Collectively, our results highlight the importance of RIPK1 in the interplay between SARS-CoV-2 infection and aging as a potential target for drug repurposing programs to be administered postinfection. There are various drugs currently approved that non-specifically target RIPK1 (such as pazopanib and sunitinib) as well as under investigation that are highly specific to RIPK155,56. Given the distinct pathways elicited by RIPK1, there is a need to develop appropriate cell culture models that can differentiate between young and aging tissues to validate our findings experimentally and allow for highly specific and targeted drug discovery programs. While our method is broadly applicable, we note several limitations. First, our drug repurposing pipeline relies on the availability of RNA-seq data from normal and infected/diseased cells in the cell type of interest and therefore the availability of such data is necessary for the application of our platform. Second, since our autoencoder is trained on CMap data, which only contains the expression of 1000 genes (L1000 genes), it is possible that the signal of the infection may not be captured by these 1000 genes.

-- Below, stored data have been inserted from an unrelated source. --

lemma pr1_J2: "gsection M A \<sigma> \<Longrightarrow> pr1 (J2 \<sigma>) = J2 (pr2 \<sigma>)"
  and pr2_J2: "gsection M A \<sigma> \<Longrightarrow> pr2 (J2 \<sigma>) = J2 (pr1 \<sigma>)"
  by (simp_all add: pr1_def pr2_def J1_J2_anticomm sec_linear_srsmul[OF sec_linear_J2]
      sec_linear_sadd[OF sec_linear_J2] sec_linear_ssub[OF sec_linear_J2])
    (simp_all add: gsec_eq_iff gsec_ops algebra_simps)

lemma pr1_ssmul: "smooth_fun M A g \<Longrightarrow> gsection M A \<sigma> \<Longrightarrow> pr1 (ssmul g \<sigma>) = ssmul g (pr1 \<sigma>)"
  and pr2_ssmul: "smooth_fun M A g \<Longrightarrow> gsection M A \<sigma> \<Longrightarrow> pr2 (ssmul g \<sigma>) = ssmul g (pr2 \<sigma>)"
  by (simp_all add: pr1_def pr2_def J1_ssmul) (simp_all add: gsec_eq_iff gsec_ops algebra_simps)

lemma V2_J2: "V1 \<sigma> \<Longrightarrow> V2 (J2 \<sigma>)" and V1_J2: "V2 \<sigma> \<Longrightarrow> V1 (J2 \<sigma>)"
  by (auto simp: V1_def V2_def J1_J2_anticomm sec_linear_sneg[OF sec_linear_J2])

text \<open>The canonical derivative along a section \<open>a\<close> of \<open>V1\<close>: torsion-freeness forces
  \<open>D\<^sub>a b = pr2 [a, b]\<close> for \<open>b\<close> in \<open>V2\<close>, and \<open>J2\<close> transports this to \<open>V1 = J2 V2\<close>.\<close>

definition D1 :: "'a gsec \<Rightarrow> 'a gsec \<Rightarrow> 'a gsec" where
  "D1 a \<tau> = sadd (pr2 (bracket a (pr2 \<tau>))) (J2 (pr2 (bracket a (J2 (pr1 \<tau>)))))"

lemma sec_linear_D1_right: "gsection M A a \<Longrightarrow> sec_linear (D1 a)"
  unfolding D1_def[abs_def]
  by (intro sec_linear_sum sec_linear_comp[OF sec_linear_J2] sec_linear_comp[OF sec_linear_pr2]
      sec_linear_comp[OF sec_linear_bracket_right] sec_linear_pr1 sec_linear_pr2) simp

lemma sec_linear_D1_left: "gsection M A \<tau> \<Longrightarrow> sec_linear (\<lambda>a. D1 a \<tau>)"
  unfolding D1_def
  by (intro sec_linear_sum sec_linear_comp[OF sec_linear_J2] sec_linear_comp[OF sec_linear_pr2]
      sec_linear_bracket_left) simp_all

lemma gsection_D1 [simp]: "gsection M A a \<Longrightarrow> gsection M A \<tau> \<Longrightarrow> gsection M A (D1 a \<tau>)"
  by (simp add: D1_def)

lemma D1_V2: "gsection M A a \<Longrightarrow> V2 b \<Longrightarrow> D1 a b = pr2 (bracket a b)"
  using sec_linear_szero[OF sec_linear_bracket_right, of a] sec_linear_szero[OF sec_linear_pr2]
    sec_linear_szero[OF sec_linear_J2]
  by (simp add: D1_def pr1_V2 pr2_V2 V2_gsection)

lemma D1_ssmul_left:
  assumes g: "smooth_fun M A g" and a: "V1 a" and \<tau>: "gsection M A \<tau>"
  shows "D1 (ssmul g a) \<tau> = ssmul g (D1 a \<tau>)"
proof -
  have "pr2 (bracket (ssmul g a) \<rho>) = ssmul g (pr2 (bracket a \<rho>))" if "gsection M A \<rho>" for \<rho>
    using that g a V1_gsection[OF a] pr2_V1[OF a]
    by (simp add: bracket_ssmul_left sec_linear_ssub[OF sec_linear_pr2] pr2_ssmul)
  then show ?thesis
    using g \<tau> V1_gsection[OF a] by (simp add: D1_def J2_ssmul ssmul_sadd)
qed

lemma D1_ssmul_right:
  assumes g: "smooth_fun M A g" and a: "gsection M A a" and \<tau>: "gsection M A \<tau>"
  shows "D1 a (ssmul g \<tau>) = sadd (ssmul (fst a g) \<tau>) (ssmul g (D1 a \<tau>))"
proof -
  have pr2_bracket:
    "pr2 (bracket a (ssmul g \<rho>)) = sadd (ssmul g (pr2 (bracket a \<rho>))) (ssmul (fst a g) (pr2 \<rho>))"
    if "gsection M A \<rho>" for \<rho>
    using that g a by (simp add: bracket_ssmul_right sec_linear_sadd[OF sec_linear_pr2] pr2_ssmul)
  have pr1_pr1: "pr1 (pr1 \<tau>) = pr1 \<tau>" and pr2_pr2: "pr2 (pr2 \<tau>) = pr2 \<tau>"
    using \<tau> by (simp_all add: pr1_V1 V1_pr1 pr2_V2 V2_pr2)
  have V2_part: "pr2 (bracket a (pr2 (ssmul g \<tau>))) =
      sadd (ssmul g (pr2 (bracket a (pr2 \<tau>)))) (ssmul (fst a g) (pr2 \<tau>))"
    using g \<tau> pr2_bracket[of "pr2 \<tau>"] by (simp add: pr2_ssmul pr2_pr2)
  have V1_part: "J2 (pr2 (bracket a (J2 (pr1 (ssmul g \<tau>))))) =
      sadd (ssmul g (J2 (pr2 (bracket a (J2 (pr1 \<tau>)))))) (ssmul (fst a g) (pr1 \<tau>))"
    using g a \<tau> pr2_bracket[of "J2 (pr1 \<tau>)"]
    by (simp add: pr1_ssmul J2_ssmul sec_linear_sadd[OF sec_linear_J2] pr2_J2 pr1_pr1)
  have "ssmul (fst a g) \<tau> = sadd (ssmul (fst a g) (pr1 \<tau>)) (ssmul (fst a g) (pr2 \<tau>))"
    by (metis sadd_pr1_pr2 ssmul_sadd)
  then show ?thesis
    unfolding D1_def V2_part V1_part by (simp add: gsec_eq_iff gsec_ops algebra_simps)
qed

lemma D1_J1:
  assumes a: "gsection M A a" and \<tau>: "gsection M A \<tau>"
  shows "D1 a (J1 \<tau>) = J1 (D1 a \<tau>)"
  using a \<tau>
  by (simp add: D1_def pr1_J1 pr2_J1 J1_pr2 J1_J2_anticomm sec_linear_sadd[OF sec_linear_J1]
      sec_linear_sneg[OF sec_linear_bracket_right] sec_linear_sneg[OF sec_linear_pr2]
      sec_linear_sneg[OF sec_linear_J2])

lemma D1_J2:
  assumes a: "gsection M A a" and \<tau>: "gsection M A \<tau>"
  shows "D1 a (J2 \<tau>) = J2 (D1 a \<tau>)"
  using a \<tau> by (simp add: D1_def pr1_J2 pr2_J2 sec_linear_sadd[OF sec_linear_J2] sadd_commute)

lemma connection_along_V1_eq_D1:
  assumes D: "gen_affine_connection M A D"
    and D_J1: "\<And>\<sigma> \<tau>. gsection M A \<sigma> \<Longrightarrow> gsection M A \<tau> \<Longrightarrow> D \<sigma> (J1 \<tau>) = J1 (D \<sigma> \<tau>)"
    and D_J2: "\<And>\<sigma> \<tau>. gsection M A \<sigma> \<Longrightarrow> gsection M A \<tau> \<Longrightarrow> D \<sigma> (J2 \<tau>) = J2 (D \<sigma> \<tau>)"
    and torsion: "\<And>\<sigma> \<tau>. V1 \<sigma> \<Longrightarrow> V2 \<tau> \<Longrightarrow> gen_torsion M A nabla D \<sigma> \<tau> = szero"
    and a: "V1 a" and \<tau>: "gsection M A \<tau>"
  shows "D a \<tau> = D1 a \<tau>"
proof -
  have sa: "gsection M A a" using a by (rule V1_gsection)
  have D_V2: "D a b = pr2 (bracket a b)" if b: "V2 b" for b
  proof -
    have sb: "gsection M A b" using b by (rule V2_gsection)
    have "J1 (D a b) = sneg (D a b)"
      using D_J1[OF sa sb] b gen_affine_connection_sneg_right[OF D sa sb] by (simp add: V2_def)
    then have "pr2 (D a b) = D a b"
      using gen_affine_connection_gsection[OF D sa sb] by (simp add: pr2_V2 V2_def)
    moreover have "J1 (D b a) = D b a"
      using D_J1[OF sb sa] a by (simp add: V1_def)
    then have "pr2 (D b a) = szero"
      using gen_affine_connection_gsection[OF D sb sa] by (simp add: pr2_V1 V1_def)
    moreover have "bracket a b = ssub (D a b) (D b a)"
      using torsion[OF a b] by (simp add: gen_torsion_def ssub_eq_szero_iff)
    ultimately show ?thesis
      using D sa sb by (simp add: sec_linear_ssub[OF sec_linear_pr2] gen_affine_connection_gsection)
  qed
  have "D a (pr1 \<tau>) = J2 (pr2 (bracket a (J2 (pr1 \<tau>))))"
    using D_J2[OF sa, of "J2 (pr1 \<tau>)"] D_V2[OF V2_J2[OF V1_pr1[OF \<tau>]]] \<tau> by simp
  moreover have "D a \<tau> = sadd (D a (pr1 \<tau>)) (D a (pr2 \<tau>))"
    using gen_affine_connection_sadd_right[OF D sa, of "pr1 \<tau>" "pr2 \<tau>"] \<tau>
    by (simp add: sadd_pr1_pr2)
  ultimately show ?thesis
    using D_V2[OF V2_pr2[OF \<tau>]] by (simp add: D1_def sadd_commute)
qed

interpretation flip: gen_para_quaternionic M A nabla "\<lambda>\<sigma>. sneg (J1 \<sigma>)" J2
  by (rule gen_para_quaternionic_flip)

However, this can be checked by assessing whether there is a statistically significant overlap between the L1000 genes and the differentially expressed genes in the disease/infection of interest, which we performed in our analysis for SARS-CoV-2. Finally, since the CMap data contains a limited set of drugs, it is possible that none of the drugs are anticorrelated with the disease signature, thus preventing the user from identifying drug candidates. While our work identified particular drugs and drug targets in the context of COVID-19, our computational platform is applicable well beyond SARS-CoV-2, and we believe that the integration of transcriptional, proteomic, and structural data with network models into a causal framework is an important addition to current drug discovery pipelines.

Methods

Bulk gene expression data

The RNA-seq gene expression data related to SARS-CoV-2 infection in A549 and A549-ACE2 cells were obtained from ref. 23 under accession code GSE147507. The RNA-seq data of lung tissues for the aging analysis was downloaded from the GTEx Portal (https://gtexportal.org/home/index.html) along with metadata containing the age of the individual from whom the RNA-seq sample was obtained. The RNA-seq raw read counts were transformed into quantile normalized, \({\mathrm{log}\,}_{2}(x+1)\) scaled RPKM values, following the normalization performed in ref. 2.

Differential expression analysis

For differential expression analysis, we focused on genes that were highly expressed, filtering out any genes with \({\mathrm{log}\,}_{2}\) (RPKM +1) < 1 for all considered datasets. In order to determine the ACE2-mediated SARS-CoV-2 genes, we computed three different \({\mathrm{log}\,}_{2}\)-fold changes based on the data from23. Namely, we defined as ACE2-mediated SARS-CoV-2 genes all genes that had an absolute \({\mathrm{log}\,}_{2}\)-fold change between A549-ACE2 cells infected with SARS-CoV-2 and A549-ACE2 cells above the threshold, excluding genes that had an absolute \({\mathrm{log}\,}_{2}\)-fold change above the same threshold in A549-ACE2 cells versus A549 cells and also excluding genes that had an absolute \({\mathrm{log}\,}_{2}\)-fold change above the same threshold in A549 cells infected with SARS-CoV-2 versus normal A549 cells. In other words, the ACE2-mediated SARS-CoV-2 genes were defined as the genes denoted in red in the Venn diagram in Fig. 2b (with pink, brown, and yellow subsets removed). The absolute \({\mathrm{log}\,}_{2}\)-fold change threshold was determined such that the number of ACE2-mediated SARS-CoV-2 genes was 10% of the protein-coding genes.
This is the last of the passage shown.